--- Supplied material Enclosed Below ---
lemma nn_integral_data_law_shear_prec_chi_square:
  assumes ab: "a < p" "b < p" "a \<noteq> b" and \<delta>: "2 * \<delta>\<^sup>2 < 1" and xi: "\<And>t. t < k \<Longrightarrow> (xi t)\<^sup>2 = 1"
  shows "(\<integral>\<^sup>+x. ennreal ((\<Prod>t<k. \<Prod>i<n t. gauss_dens p (shear_prec p a b (xi t * \<delta>)) (\<lambda>j. x (t, i, j)))\<^sup>2
            / (\<Prod>t<k. \<Prod>i<n t. gauss_dens p (shear_prec p a b 0) (\<lambda>j. x (t, i, j)))) \<partial>data_space p k n)
       = ennreal ((1 / sqrt (1 - 2 * \<delta>\<^sup>2)) ^ (\<Sum>t<k. n t))"
proof -
  define h where "h = (\<lambda>t y. (gauss_dens p (shear_prec p a b (xi t * \<delta>)) y)\<^sup>2 / gauss_dens p (shear_prec p a b 0) y)"
  have [measurable]: "(\<lambda>y. gauss_dens p Om (\<lambda>j. y (t, i, j))) \<in> borel_measurable (PiM ((\<lambda>j. (t, i, j)) ` {..<p}) (\<lambda>_. lborel))"
    for Om t i by (rule measurable_gauss_dens_block) simp
  have block: "(\<integral>\<^sup>+y. ennreal (h t (\<lambda>j. y (t, i, j))) \<partial>PiM ((\<lambda>j. (t, i, j)) ` {..<p}) (\<lambda>_. lborel))
      = ennreal (1 / sqrt (1 - 2 * \<delta>\<^sup>2))" if "t < k" for t i
  proof -
    have "(xi t * \<delta>)\<^sup>2 = \<delta>\<^sup>2" using xi[OF that] by (simp add: power_mult_distrib)
    with nn_integral_gauss_dens_shear_prec_chi_square[OF _ ab, of "\<lambda>j. (t, i, j)" "xi t * \<delta>"] \<delta>
    show ?thesis unfolding h_def by (simp add: inj_on_def)
  qed
  have "(\<integral>\<^sup>+x. ennreal ((\<Prod>t<k. \<Prod>i<n t. gauss_dens p (shear_prec p a b (xi t * \<delta>)) (\<lambda>j. x (t, i, j)))\<^sup>2
            / (\<Prod>t<k. \<Prod>i<n t. gauss_dens p (shear_prec p a b 0) (\<lambda>j. x (t, i, j)))) \<partial>data_space p k n)
      = (\<integral>\<^sup>+x. ennreal (\<Prod>t<k. \<Prod>i<n t. h t (\<lambda>j. x (t, i, j))) \<partial>data_space p k n)"
    by (simp add: h_def prod_power_distrib prod_dividef)
  also have "\<dots> = (\<Prod>t<k. \<Prod>i<n t. \<integral>\<^sup>+y. ennreal (h t (\<lambda>j. y (t, i, j))) \<partial>PiM ((\<lambda>j. (t, i, j)) ` {..<p}) (\<lambda>_. lborel))"
  proof (rule nn_integral_data_space_prod)
    show "(\<lambda>y. h t (\<lambda>j. y (t, i, j))) \<in> borel_measurable (PiM ((\<lambda>j. (t, i, j)) ` {..<p}) (\<lambda>_. lborel))" for t i
      unfolding h_def by measurable
    show "h t y = h t z" if "\<And>j. j < p \<Longrightarrow> y j = z j" for t y z
      unfolding h_def by (simp only: gauss_dens_cong[OF that])
    show "0 \<le> h t y" for t y
      unfolding h_def using gauss_dens_shear_prec_pos[OF ab] by (simp add: less_imp_le)
  qed
  also have "\<dots> = (\<Prod>t<k. \<Prod>i<n t. ennreal (1 / sqrt (1 - 2 * \<delta>\<^sup>2)))"
    by (intro prod.cong refl) (simp add: block)
  also have "\<dots> = ennreal ((1 / sqrt (1 - 2 * \<delta>\<^sup>2)) ^ (\<Sum>t<k. n t))"
    using \<delta> by (simp add: prod_ennreal ennreal_power power_sum)
  finally show ?thesis .
qed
--- End of Enclosed Supplied material ---
Problem details: Output exactly the lines above, from the one holding "using \<delta> by" through the end of the data, including the first and last.

Written reply:
    using \<delta> by (simp add: prod_ennreal ennreal_power power_sum)
  finally show ?thesis .
qed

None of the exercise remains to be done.